On this post, you’ll learn:
- How one can implement high-performance matrix multiplication using NVIDIA cuTile: Understand the flow of Tile loading, computation, and storage.
- In regards to the block-level parallel programming mindset: Shift from thread-level pondering to block-level pondering.
- Best practices for Tile programming: Learn performance optimization strategies from the code.
Before you start, make sure your environment meets the next requirements (see the quickstart for more information):
Environment requirements:
- CUDA 13.1 or higher
- GPU architecture NVIDIA Blackwell (e.g., NVIDIA RTX 50 series)
- Python: 3.10 or higher
Install cuTile Python:
Note: cuTile is the next-generation GPU programming framework for NVIDIA. While it only supports optimization for the Blackwell (compute capabilities 10.x and 12.x) architecture, support for more architectures will likely be provided in upcoming releases of the CUDA Toolkit.

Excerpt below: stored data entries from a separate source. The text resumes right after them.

(* For every $n \geq 1$, the map $\psi$ is a bijection from $\mathcal{S}^{(1)}_n$, the set of skeletons of planar linear normal $\lambda$-terms with $n$ atoms, onto $\mathcal{V}_{n-1}$, the set of v-trees with $n-1$ edges.
   Context: $\lambda$-terms, linear (closed, each abstraction binds exactly one atom), normal (no sub-term $(\lambda x.u)\,v$) and planar terms are standard; the skeleton of a term is the plane unary-binary tree (atom $\mapsto$ leaf, application $u\,v \mapsto$ binary node with left subtree from $u$ and right subtree from $v$, abstraction $\mapsto$ unary node), and planarity means the edges from each leaf's parent to its binding unary node, drawn counter-clockwise and entering from the right, do not cross; the number of atoms is the number of leaves. For a unary-binary tree $S$ and node $u$, $S_u$ is the subtree at $u$, and $\operatorname{leaf}, \operatorname{unary}$ count leaves and unary nodes. The map $\psi$: for $S \in \mathcal{S}^{(1)}_n$, let $T$ be the plane tree whose nodes are a new root $r$ and the binary nodes of $S$. For a node $u$ of $T$, let $R(u)$ be the right subtree of $u$ in $S$ if $u$ is a binary node, and $R(r)=S$. The children of $u$ in $T$, from left to right, are $x_1, \ldots, x_m$ where $x_1$ is the first binary node of $R(u)$ reached from its root through a (possibly empty) chain of unary nodes, and $x_{i+1}$ is the left child of $x_i$ in $S$ as long as it is a binary node (no children if $R(u)$ has no binary node). Label each binary node $u$ by $\ell(u) = \operatorname{leaf}(S_v) - \operatorname{unary}(S_v)$, $v$ the right child of $u$ in $S$, and label $r$ by $\ell(r) = \operatorname{leaf}(S_w) - \operatorname{unary}(S_w)$, where $w$ is the first node of $S$ (from the root) that is not unary. Set $\psi(S)=(T,\ell)$. A v-tree is a plane tree $T$ with integer node labels $\ell$ such that: (i) leaves have label $0$ or $1$; (ii) every non-root node $u$ with children $v_1,\ldots,v_k$ satisfies $0 \leq \ell(u) \leq 1 + \sum_{i=1}^k \ell(v_i)$; (iii) the root $r$ with children $v_1,\ldots,v_k$ satisfies $\ell(r) = 1 + \sum_{i=1}^k \ell(v_i)$. Its size is its number of edges. *)

theory Defs
  imports Main
begin

datatype lterm = Var nat | App lterm lterm | Lam nat lterm

inductive planar :: "nat list \<Rightarrow> lterm \<Rightarrow> bool" where
  pl_var: "planar [x] (Var x)"
| pl_app: "planar G1 u \<Longrightarrow> planar G2 v \<Longrightarrow> planar (G1 @ G2) (App u v)"
| pl_lam: "x \<notin> set G \<Longrightarrow> planar (G @ [x]) t \<Longrightarrow> planar G (Lam x t)"

fun normal :: "lterm \<Rightarrow> bool" where
  "normal (Var x) = True"
| "normal (App (Lam x u) v) = False"
| "normal (App u v) = (normal u \<and> normal v)"
| "normal (Lam x t) = normal t"

datatype ubtree = Leaf | Unary ubtree | Bin ubtree ubtree

fun skel :: "lterm \<Rightarrow> ubtree" where
  "skel (Var x) = Leaf"
| "skel (App u v) = Bin (skel u) (skel v)"
| "skel (Lam x t) = Unary (skel t)"

fun leaves :: "ubtree \<Rightarrow> nat" where
  "leaves Leaf = 1"
| "leaves (Unary t) = leaves t"
| "leaves (Bin l r) = leaves l + leaves r"

fun unaries :: "ubtree \<Rightarrow> nat" where
  "unaries Leaf = 0"
| "unaries (Unary t) = Suc (unaries t)"
| "unaries (Bin l r) = unaries l + unaries r"

definition S1 :: "nat \<Rightarrow> ubtree set" where
  "S1 n = {skel t | t. planar [] t \<and> normal t \<and> leaves (skel t) = n}"

datatype ltree = Node int "ltree list"

fun lab :: "ltree \<Rightarrow> int" where
  "lab (Node a ts) = a"

definition lbl :: "ubtree \<Rightarrow> int" where
  "lbl s = int (leaves s) - int (unaries s)"

fun strip :: "ubtree \<Rightarrow> ubtree" where
  "strip (Unary t) = strip t"
| "strip t = t"

text \<open>\<open>ch R\<close>: the list of T-children for a node u with \<open>R(u) = R\<close>: starting from the first
  binary node x1 of R reached through a chain of unary nodes, then x(i+1) = left child of x(i)
  as long as it is binary. \<open>lch\<close> continues along left children.\<close>
fun ch :: "ubtree \<Rightarrow> ltree list" and lch :: "ubtree \<Rightarrow> ltree list" where
  "ch Leaf = []"
| "ch (Unary t) = ch t"
| "ch (Bin l r) = Node (lbl r) (ch r) # lch l"
| "lch (Bin l r) = Node (lbl r) (ch r) # lch l"
| "lch Leaf = []"
| "lch (Unary t) = []"

definition psi :: "ubtree \<Rightarrow> ltree" where
  "psi S = Node (lbl (strip S)) (ch S)"

fun vnode :: "ltree \<Rightarrow> bool" where
  "vnode (Node a ts) =
     ((ts = [] \<longrightarrow> a = 0 \<or> a = 1) \<and>
      0 \<le> a \<and> a \<le> 1 + sum_list (map lab ts) \<and>
      (\<forall>t\<in>set ts. vnode t))"

fun vtree :: "ltree \<Rightarrow> bool" where
  "vtree (Node a ts) =
     ((ts = [] \<longrightarrow> a = 0 \<or> a = 1) \<and>
      a = 1 + sum_list (map lab ts) \<and>
      (\<forall>t\<in>set ts. vnode t))"

fun nodes :: "ltree \<Rightarrow> nat" where
  "nodes (Node a ts) = Suc (sum_list (map nodes ts))"

text \<open>Size of a plane tree = number of edges = number of nodes - 1.\<close>
definition V :: "nat \<Rightarrow> ltree set" where
  "V m = {T. vtree T \<and> nodes T - 1 = m}"

end

theory Submission
  imports Defs
begin

text \<open>Planarity forces an abstraction to bind the rightmost free atom of its body, so a planar
  linear term is determined up to renaming by its skeleton, and the skeletons are the trees in
  which every abstraction has a free atom to bind. In a normal skeleton (no abstraction as the
  left child of an application) the left spine below the top chain of unary nodes is a comb of
  binary nodes, so every subtree is recovered from its \<open>psi\<close>-node: the children are the
  \<open>psi\<close>-nodes of the right subtrees along that comb, and the length of the chain is the label
  deficit \<open>1 + \<Sum> children - label\<close>. The v-node inequalities say exactly that this deficit
  and the number of free atoms are nonnegative; at the root, where no atom is free, the label
  is replaced by \<open>1 + \<Sum> children\<close>.\<close>

lemma lbl_Leaf [simp]: "lbl Leaf = 1"
  by (simp add: lbl_def)

lemma lbl_Unary [simp]: "lbl (Unary t) = lbl t - 1"
  by (simp add: lbl_def)

lemma lbl_Bin [simp]: "lbl (Bin l r) = lbl l + lbl r"
  by (simp add: lbl_def)

lemma lbl_le_lbl_strip: "lbl S \<le> lbl (strip S)"
  by (induction S) auto

text \<open>On skeletons of planar terms \<open>lbl\<close> counts the free atoms.\<close>

fun planar_skeleton :: "ubtree \<Rightarrow> bool" where
  "planar_skeleton Leaf = True"
| "planar_skeleton (Unary t) = (planar_skeleton t \<and> 1 \<le> lbl t)"
| "planar_skeleton (Bin l r) = (planar_skeleton l \<and> planar_skeleton r)"

fun normal_skeleton :: "ubtree \<Rightarrow> bool" where
  "normal_skeleton Leaf = True"
| "normal_skeleton (Unary t) = normal_skeleton t"
| "normal_skeleton (Bin (Unary l) r) = False"
| "normal_skeleton (Bin l r) = (normal_skeleton l \<and> normal_skeleton r)"

lemma planar_skeleton_lbl_nonneg: "planar_skeleton S \<Longrightarrow> 0 \<le> lbl S"
  by (induction S) auto

lemma planar_skeleton_skel:
  "planar G t \<Longrightarrow> planar_skeleton (skel t) \<and> lbl (skel t) = int (length G)"
  by (induction rule: planar.induct) auto

lemma normal_skeleton_skel: "normal t \<Longrightarrow> normal_skeleton (skel t)"
  by (induction t rule: normal.induct) auto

What’s matrix multiplication?
Matrix multiplication is a fundamental operation in modern technical computing. It’s the operation that’s the idea for solving systems of equations. It underpins graphics, simulations, optimization, and most of machine learning, and it maps well to high-performance hardware like GPUs. Â
Given input matrices A (MxK) and B (KxN), the formula for calculating a component within the result matrix C (MxN) is as follows.
From the formula, you may see that a component of C is computed by taking the dot product of a row of A and a column of B.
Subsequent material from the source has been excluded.